■ **The data**:
(* Let $\Omega_n=\dfrac{\pi^{n/2}}{\Gamma\left(\frac n2+1\right)}$ for $n\in\mathbb{N}_0$, and \[ r(n)=1+\frac1{2n}-\frac3{8n^2}+\frac3{16n^3},\qquad s(n)=r(n)+\frac3{128n^4}. \] Then $r(n)<\frac{\Omega_n^2}{\Omega_{n-1}\Omega_{n+1}}$ for every integer $n\ge6$, and $\frac{\Omega_n^2}{\Omega_{n-1}\Omega_{n+1}}<s(n)$ for every integer $n\ge1$.
   Context: $\Omega_n$ is the volume of the unit ball in $\mathbb{R}^n$ ($\Omega_0=1$); $\Gamma$ is Euler's gamma function. *)

theory Defs
  imports "HOL-Analysis.Analysis"
begin

definition r_fun :: "nat \<Rightarrow> real" where
  "r_fun n = 1 + 1 / (2 * real n) - 3 / (8 * real n ^ 2) + 3 / (16 * real n ^ 3)"

definition s_fun :: "nat \<Rightarrow> real" where
  "s_fun n = r_fun n + 3 / (128 * real n ^ 4)"

end

theory Submission
  imports Defs "HOL-Real_Asymp.Real_Asymp"
begin

text \<open>
  The ratio equals \<open>G(x) = \<Gamma>(x/2 + 1/2) \<Gamma>(x/2 + 3/2) / \<Gamma>(x/2 + 1)\<^sup>2\<close>, which satisfies
  \<open>G(n + 2) = G(n) (n + 1)(n + 3) / (n + 2)\<^sup>2\<close> and tends to \<open>1\<close>, since log-convexity of \<open>\<Gamma>\<close>
  traps it between \<open>1\<close> and \<open>(n + 1)/n\<close>. For a bound \<open>b(n) \<longrightarrow> 1\<close>, the quotient \<open>G/b\<close> along
  \<open>n, n + 2, n + 4, \<dots>\<close> is therefore monotone as long as \<open>(n + 1)(n + 3) b(n) - (n + 2)\<^sup>2 b(n + 2)\<close>
  keeps its sign, and it converges to \<open>1\<close>; so the sign decides whether \<open>b\<close> lies below or
  above \<open>G\<close>. For \<open>b = r\<close> this difference is \<open>-(3n - 18)/(16 n\<^sup>3 (n + 2))\<close>, for \<open>b = s\<close> it is
  positive for all \<open>n\<close>.
\<close>

lemma Gamma_plus1_pos: "x > 0 \<Longrightarrow> Gamma (x + 1) = x * Gamma (x :: real)"
  by (rule Gamma_plus1) (auto elim!: nonpos_Ints_cases)

lemma Gamma_midpoint_sq_le:
  fixes x y :: real
  assumes "x > 0" "y > 0"
  shows "Gamma ((x + y) / 2) ^ 2 \<le> Gamma x * Gamma y"
proof -
  have pos: "Gamma x > 0" "Gamma y > 0" "Gamma ((x + y) / 2) > 0"
    using assms by simp_all
  have "(ln \<circ> Gamma) ((1 - 1/2) *\<^sub>R x + (1/2) *\<^sub>R y)
          \<le> (1 - 1/2) * (ln \<circ> Gamma) x + (1/2) * (ln \<circ> Gamma) y"
    by (rule convex_onD[OF log_convex_Gamma_real]) (use assms in auto)
  then have "ln (Gamma ((x + y) / 2) ^ 2) \<le> ln (Gamma x * Gamma y)"
    using pos by (simp add: ln_mult ln_realpow field_simps)
  then show ?thesis
    using pos by simp
qed

lemma Gamma_plus_half_sq_le:
  fixes x :: real
  assumes "x > 0"
  shows "Gamma (x + 1/2) ^ 2 \<le> x * Gamma x ^ 2"
proof -
  have "Gamma ((x + (x + 1)) / 2) ^ 2 \<le> Gamma x * Gamma (x + 1)"
    using assms by (intro Gamma_midpoint_sq_le) auto
  then show ?thesis
    using assms by (simp add: Gamma_plus1_pos power2_eq_square mult_ac add_divide_distrib)
qed

definition gamma_ratio :: "real \<Rightarrow> real" where
  "gamma_ratio x = Gamma (x/2 + 1/2) * Gamma (x/2 + 3/2) / Gamma (x/2 + 1) ^ 2"

lemma unit_ball_vol_ratio:
  fixes x :: real
  assumes "x > -1"
  shows "unit_ball_vol x ^ 2 / (unit_ball_vol (x - 1) * unit_ball_vol (x + 1)) = gamma_ratio x"
proof -
  have shifts: "(x - 1)/2 + 1 = x/2 + 1/2" "(x + 1)/2 + 1 = x/2 + 3/2"
    by (simp_all add: field_simps)
  have pi_powers: "(pi powr (x/2)) ^ 2 = pi powr x"
    "pi powr ((x - 1)/2) * pi powr ((x + 1)/2) = pi powr x"
    by (simp add: power2_eq_square powr_add[symmetric],
        simp add: powr_add[symmetric] add_divide_distrib[symmetric])
  have "Gamma (x/2 + 1/2) > 0" "Gamma (x/2 + 3/2) > 0" "Gamma (x/2 + 1) > 0"
    using assms by simp_all
  moreover have "unit_ball_vol x ^ 2 / (unit_ball_vol (x - 1) * unit_ball_vol (x + 1))
      = (pi powr (x/2)) ^ 2 / Gamma (x/2 + 1) ^ 2 /
        (pi powr ((x - 1)/2) * pi powr ((x + 1)/2) / (Gamma (x/2 + 1/2) * Gamma (x/2 + 3/2)))"
    unfolding unit_ball_vol_def shifts by (simp add: power_divide)
  ultimately show ?thesis
    unfolding pi_powers gamma_ratio_def by (simp add: field_simps)
qed

lemma gamma_ratio_pos: "x > -1 \<Longrightarrow> gamma_ratio x > 0"
  unfolding gamma_ratio_def by (intro divide_pos_pos mult_pos_pos zero_less_power Gamma_real_pos) simp_all

lemma gamma_ratio_add2:
  fixes x :: real
  assumes "x > -1"
  shows "gamma_ratio (x + 2) = gamma_ratio x * ((x + 1) * (x + 3) / (x + 2) ^ 2)"
proof -
  define a where "a = x/2 + 1/2"
  define b where "b = x/2 + 1"
  have ab: "a > 0" "b > 0"
    using assms by (simp_all add: a_def b_def)
  have Gamma_a: "Gamma (a + 1) = a * Gamma a"
    using ab by (simp add: Gamma_plus1_pos)
  have Gamma_a1: "Gamma (a + 1 + 1) = (a + 1) * (a * Gamma a)"
    using ab Gamma_plus1_pos[of "a + 1"] by (simp only: Gamma_a)
  have Gamma_b: "Gamma (b + 1) = b * Gamma b"
    using ab by (simp add: Gamma_plus1_pos)
  have "gamma_ratio x = Gamma a * Gamma (a + 1) / Gamma b ^ 2"
    "gamma_ratio (x + 2) = Gamma (a + 1) * Gamma (a + 1 + 1) / Gamma (b + 1) ^ 2"
    by (simp_all add: gamma_ratio_def a_def b_def field_simps)
  then have ratio_x: "gamma_ratio x = Gamma a * (a * Gamma a) / Gamma b ^ 2"
    and ratio_x2: "gamma_ratio (x + 2) = (a * Gamma a) * ((a + 1) * (a * Gamma a)) / (b * Gamma b) ^ 2"
    unfolding Gamma_a Gamma_a1 Gamma_b .
  have "(x + 1) * (x + 3) / (x + 2) ^ 2 = a * (a + 1) / b ^ 2"
    using assms by (simp add: a_def b_def power_divide field_simps)
  then show ?thesis
    unfolding ratio_x ratio_x2 by (simp add: power_mult_distrib mult_ac)
qed

lemma gamma_ratio_ge_1:
  fixes x :: real
  assumes "x > -1"
  shows "1 \<le> gamma_ratio x"
proof -
  have "Gamma (((x/2 + 1/2) + (x/2 + 3/2)) / 2) ^ 2 \<le> Gamma (x/2 + 1/2) * Gamma (x/2 + 3/2)"
    using assms by (intro Gamma_midpoint_sq_le) auto
  moreover have "Gamma (x/2 + 1) > 0"
    using assms by simp
  ultimately show ?thesis
    unfolding gamma_ratio_def by (simp add: add_divide_distrib)
qed

lemma gamma_ratio_le:
  fixes x :: real
  assumes "x > 0"
  shows "gamma_ratio x \<le> (x + 1) / x"
proof -
  define c where "c = x/2"
  have c: "c > 0" "Gamma c \<noteq> 0"
    using assms Gamma_real_pos[of c] by (simp_all add: c_def less_imp_neq[symmetric])
  have "gamma_ratio x = Gamma (c + 1/2) * Gamma (c + 1/2 + 1) / Gamma (c + 1) ^ 2"
    by (simp add: gamma_ratio_def c_def add_ac)
  moreover have "Gamma (c + 1/2 + 1) = (c + 1/2) * Gamma (c + 1/2)"
    by (rule Gamma_plus1_pos) (use c in simp)
  moreover have "Gamma (c + 1) = c * Gamma c"
    using c(1) by (rule Gamma_plus1_pos)
  ultimately have ratio: "gamma_ratio x = (c + 1/2) * Gamma (c + 1/2) ^ 2 / (c * Gamma c) ^ 2"
    by (simp add: power2_eq_square mult_ac)
  have "\<dots> \<le> (c + 1/2) * (c * Gamma c ^ 2) / (c * Gamma c) ^ 2"
    using c Gamma_plus_half_sq_le[of c] by (intro divide_right_mono mult_left_mono) auto
  also have "\<dots> = (c + 1/2) / c"
    using c by (simp add: power2_eq_square field_simps)
  also have "\<dots> = (x + 1) / x"
    using assms by (simp add: c_def field_simps)
  finally show ?thesis
    unfolding ratio .
qed

lemma gamma_ratio_LIMSEQ: "(\<lambda>n. gamma_ratio (real n)) \<longlonglongrightarrow> 1"
proof (rule tendsto_sandwich[where f = "\<lambda>_. 1" and h = "\<lambda>n. (real n + 1) / real n"])
  show "\<forall>\<^sub>F n in sequentially. 1 \<le> gamma_ratio (real n)"
    by (simp add: gamma_ratio_ge_1)
  show "\<forall>\<^sub>F n in sequentially. gamma_ratio (real n) \<le> (real n + 1) / real n"
    using eventually_gt_at_top[of "0::nat"] by eventually_elim (simp add: gamma_ratio_le)
  show "(\<lambda>n. (real n + 1) / real n) \<longlonglongrightarrow> 1"
    by real_asymp
qed simp

lemma gamma_ratio_of_nat_add2:
  "gamma_ratio (real (n + 2)) = gamma_ratio (real n) * ((real n + 1) * (real n + 3) / (real n + 2) ^ 2)"
  using gamma_ratio_add2[of "real n"] by (simp add: add.commute)

lemma gamma_ratio_div_add2_le_iff:
  fixes g :: "nat \<Rightarrow> real"
  assumes "g n > 0" "g (n + 2) > 0"
  shows "gamma_ratio (real (n + 2)) / g (n + 2) \<le> gamma_ratio (real n) / g n
           \<longleftrightarrow> (real n + 1) * (real n + 3) * g n \<le> (real n + 2) ^ 2 * g (n + 2)"
  unfolding gamma_ratio_of_nat_add2
  using assms gamma_ratio_pos[of "real n"] by (simp add: divide_simps mult_ac)

lemma gamma_ratio_div_add2_less_iff:
  fixes g :: "nat \<Rightarrow> real"
  assumes "g n > 0" "g (n + 2) > 0"
  shows "gamma_ratio (real (n + 2)) / g (n + 2) < gamma_ratio (real n) / g n
           \<longleftrightarrow> (real n + 1) * (real n + 3) * g n < (real n + 2) ^ 2 * g (n + 2)"
  unfolding gamma_ratio_of_nat_add2
  using assms gamma_ratio_pos[of "real n"] by (simp add: divide_simps mult_ac)

lemma LIMSEQ_le_if_decreasing_by_2:
  fixes h :: "nat \<Rightarrow> 'a :: linorder_topology"
  assumes "h \<longlonglongrightarrow> L" "\<And>m. m \<ge> n \<Longrightarrow> h (m + 2) \<le> h m"
  shows "L \<le> h n"
proof -
  have "decseq (\<lambda>k. h (n + 2 * k))"
    using assms(2) by (simp add: decseq_Suc_iff add.assoc)
  moreover have "strict_mono (\<lambda>k::nat. n + 2 * k)"
    by (simp add: strict_mono_def)
  then have "(\<lambda>k. h (n + 2 * k)) \<longlonglongrightarrow> L"
    using LIMSEQ_subseq_LIMSEQ[OF assms(1)] by (simp add: o_def)
  ultimately show ?thesis
    using decseq_ge[of "\<lambda>k. h (n + 2 * k)" L 0] by simp
qed

lemma LIMSEQ_ge_if_increasing_by_2:
  fixes h :: "nat \<Rightarrow> 'a :: linorder_topology"
  assumes "h \<longlonglongrightarrow> L" "\<And>m. m \<ge> n \<Longrightarrow> h m \<le> h (m + 2)"
  shows "h n \<le> L"
proof -
  have "incseq (\<lambda>k. h (n + 2 * k))"
    using assms(2) by (simp add: incseq_Suc_iff add.assoc)
  moreover have "strict_mono (\<lambda>k::nat. n + 2 * k)"
    by (simp add: strict_mono_def)
  then have "(\<lambda>k. h (n + 2 * k)) \<longlonglongrightarrow> L"
    using LIMSEQ_subseq_LIMSEQ[OF assms(1)] by (simp add: o_def)
  ultimately show ?thesis
    using incseq_le[of "\<lambda>k. h (n + 2 * k)" L 0] by simp
qed

lemma r_fun_gt_1:
  assumes "n \<ge> 1"
  shows "1 < r_fun n"
proof -
  have "r_fun n - 1 = (8 * real n ^ 2 - 6 * real n + 3) / (16 * real n ^ 3)"
    using assms by (simp add: r_fun_def field_simps power2_eq_square power3_eq_cube)
  moreover have "8 * real n ^ 2 - 6 * real n + 3 = 8 * (real n - 3/8) ^ 2 + 15/8"
    by (simp add: power2_eq_square algebra_simps)
  ultimately have "r_fun n - 1 > 0"
    using assms by (simp add: add_nonneg_pos)
  then show ?thesis
    by simp
qed

lemma s_fun_gt_1:
  assumes "n \<ge> 1"
  shows "1 < s_fun n"
proof -
  have "3 / (128 * real n ^ 4) > 0"
    using assms by simp
  then show ?thesis
    using r_fun_gt_1[OF assms] unfolding s_fun_def by linarith
qed

lemma r_fun_LIMSEQ: "r_fun \<longlonglongrightarrow> 1"
  unfolding r_fun_def by real_asymp

lemma s_fun_LIMSEQ: "s_fun \<longlonglongrightarrow> 1"
  unfolding s_fun_def r_fun_def by real_asymp

lemma r_fun_add2_diff:
  assumes "n \<ge> 1"
  shows "(real n + 2) ^ 2 * r_fun (n + 2) - (real n + 1) * (real n + 3) * r_fun n
           = (3 * real n - 18) / (16 * real n ^ 3 * (real n + 2))"
proof -
  have "real n > 0" "real n + 2 > 0"
    using assms by simp_all
  then show ?thesis
    unfolding r_fun_def by (simp add: divide_simps) algebra
qed

lemma s_fun_add2_diff:
  assumes "n \<ge> 1"
  shows "(real n + 1) * (real n + 3) * s_fun n - (real n + 2) ^ 2 * s_fun (n + 2)
           = (165 * real n ^ 2 + 372 * real n + 36) / (128 * real n ^ 4 * (real n + 2) ^ 2)"
proof -
  have "real n > 0" "real n + 2 > 0"
    using assms by simp_all
  then show ?thesis
    unfolding s_fun_def r_fun_def by (simp add: divide_simps) algebra
qed

lemma r_fun_add2_ge:
  assumes "n \<ge> 6"
  shows "(real n + 1) * (real n + 3) * r_fun n \<le> (real n + 2) ^ 2 * r_fun (n + 2)"
proof -
  have "0 \<le> (3 * real n - 18) / (16 * real n ^ 3 * (real n + 2))"
    using assms by simp
  moreover have "(real n + 2) ^ 2 * r_fun (n + 2) - (real n + 1) * (real n + 3) * r_fun n
                   = (3 * real n - 18) / (16 * real n ^ 3 * (real n + 2))"
    using assms by (intro r_fun_add2_diff) simp
  ultimately show ?thesis
    by linarith
qed

lemma r_fun_add2_gt:
  assumes "n \<ge> 7"
  shows "(real n + 1) * (real n + 3) * r_fun n < (real n + 2) ^ 2 * r_fun (n + 2)"
proof -
  have "0 < (3 * real n - 18) / (16 * real n ^ 3 * (real n + 2))"
    using assms by simp
  moreover have "(real n + 2) ^ 2 * r_fun (n + 2) - (real n + 1) * (real n + 3) * r_fun n
                   = (3 * real n - 18) / (16 * real n ^ 3 * (real n + 2))"
    using assms by (intro r_fun_add2_diff) simp
  ultimately show ?thesis
    by linarith
qed

lemma s_fun_add2_lt:
  assumes "n \<ge> 1"
  shows "(real n + 2) ^ 2 * s_fun (n + 2) < (real n + 1) * (real n + 3) * s_fun n"
proof -
  have "0 < (165 * real n ^ 2 + 372 * real n + 36) / (128 * real n ^ 4 * (real n + 2) ^ 2)"
    using assms by (simp add: add_pos_nonneg)
  moreover have "(real n + 1) * (real n + 3) * s_fun n - (real n + 2) ^ 2 * s_fun (n + 2)
                   = (165 * real n ^ 2 + 372 * real n + 36) / (128 * real n ^ 4 * (real n + 2) ^ 2)"
    using assms by (rule s_fun_add2_diff)
  ultimately show ?thesis
    by linarith
qed

lemma r_fun_less_gamma_ratio:
  assumes "n \<ge> 6"
  shows "r_fun n < gamma_ratio (real n)"
proof -
  define h where "h m = gamma_ratio (real m) / r_fun m" for m
  have r_pos: "m \<ge> 1 \<Longrightarrow> r_fun m > 0" for m
    using r_fun_gt_1[of m] by simp
  have step: "h (m + 2) \<le> h m" if "m \<ge> 6" for m
    unfolding h_def using that r_pos[of m] r_pos[of "m + 2"] r_fun_add2_ge[OF that]
    by (subst gamma_ratio_div_add2_le_iff) simp_all
  have strict_step: "h (m + 2) < h m" if "m \<ge> 7" for m
    unfolding h_def using that r_pos[of m] r_pos[of "m + 2"] r_fun_add2_gt[OF that]
    by (subst gamma_ratio_div_add2_less_iff) simp_all
  have "h \<longlonglongrightarrow> 1 / 1"
    unfolding h_def by (intro tendsto_divide gamma_ratio_LIMSEQ r_fun_LIMSEQ) simp
  then have h_ge_1: "1 \<le> h m" if "m \<ge> 6" for m
    using LIMSEQ_le_if_decreasing_by_2[of h 1 m] step that by simp
  have above_1: "1 < h m" if "m \<ge> 7" for m
    using h_ge_1[of "m + 2"] strict_step[OF that] that by simp
  have "1 < h n"
  proof (cases "n = 6")
    case True
    \<comment> \<open>\<open>3n - 18 = 0\<close> here, so the step from 6 to 8 is not strict\<close>
    then show ?thesis
      using above_1[of 8] step[of 6] by simp
  next
    case False
    then show ?thesis
      using above_1 assms by simp
  qed
  then show ?thesis
    using r_pos[of n] assms by (simp add: h_def divide_simps)
qed

lemma gamma_ratio_less_s_fun:
  assumes "n \<ge> 1"
  shows "gamma_ratio (real n) < s_fun n"
proof -
  define h where "h m = gamma_ratio (real m) / s_fun m" for m
  have s_pos: "m \<ge> 1 \<Longrightarrow> s_fun m > 0" for m
    using s_fun_gt_1[of m] by simp
  have step: "h m < h (m + 2)" if "m \<ge> 1" for m
    unfolding h_def using that s_pos[of m] s_pos[of "m + 2"] s_fun_add2_lt[OF that]
    by (subst not_le[symmetric], subst gamma_ratio_div_add2_le_iff) simp_all
  have "h \<longlonglongrightarrow> 1 / 1"
    unfolding h_def by (intro tendsto_divide gamma_ratio_LIMSEQ s_fun_LIMSEQ) simp
  then have "h (n + 2) \<le> 1"
    using LIMSEQ_ge_if_increasing_by_2[of h 1 "n + 2"] step assms by (simp add: less_imp_le)
  then have "h n < 1"
    using step[OF assms] by simp
  then show ?thesis
    using s_pos[OF assms] by (simp add: h_def divide_simps)
qed

theorem theorem16:
  shows "(\<forall>n::nat. n \<ge> 6 \<longrightarrow>
            r_fun n < unit_ball_vol (real n) ^ 2 /
              (unit_ball_vol (real n - 1) * unit_ball_vol (real n + 1)))
       \<and> (\<forall>n::nat. n \<ge> 1 \<longrightarrow>
            unit_ball_vol (real n) ^ 2 /
              (unit_ball_vol (real n - 1) * unit_ball_vol (real n + 1)) < s_fun n)"
  using r_fun_less_gamma_ratio gamma_ratio_less_s_fun unit_ball_vol_ratio by simp

end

■ **Exercise**: Reproduce exactly the lines running from the one with "(real n) < s_fun" to the last line of the listing above. Add nothing else.

■ **Exercise response**:
  shows "gamma_ratio (real n) < s_fun n"
proof -
  define h where "h m = gamma_ratio (real m) / s_fun m" for m
  have s_pos: "m \<ge> 1 \<Longrightarrow> s_fun m > 0" for m
    using s_fun_gt_1[of m] by simp
  have step: "h m < h (m + 2)" if "m \<ge> 1" for m
    unfolding h_def using that s_pos[of m] s_pos[of "m + 2"] s_fun_add2_lt[OF that]
    by (subst not_le[symmetric], subst gamma_ratio_div_add2_le_iff) simp_all
  have "h \<longlonglongrightarrow> 1 / 1"
    unfolding h_def by (intro tendsto_divide gamma_ratio_LIMSEQ s_fun_LIMSEQ) simp
  then have "h (n + 2) \<le> 1"
    using LIMSEQ_ge_if_increasing_by_2[of h 1 "n + 2"] step assms by (simp add: less_imp_le)
  then have "h n < 1"
    using step[OF assms] by simp
  then show ?thesis
    using s_pos[OF assms] by (simp add: h_def divide_simps)
qed

theorem theorem16:
  shows "(\<forall>n::nat. n \<ge> 6 \<longrightarrow>
            r_fun n < unit_ball_vol (real n) ^ 2 /
              (unit_ball_vol (real n - 1) * unit_ball_vol (real n + 1)))
       \<and> (\<forall>n::nat. n \<ge> 1 \<longrightarrow>
            unit_ball_vol (real n) ^ 2 /
              (unit_ball_vol (real n - 1) * unit_ball_vol (real n + 1)) < s_fun n)"
  using r_fun_less_gamma_ratio gamma_ratio_less_s_fun unit_ball_vol_ratio by simp

end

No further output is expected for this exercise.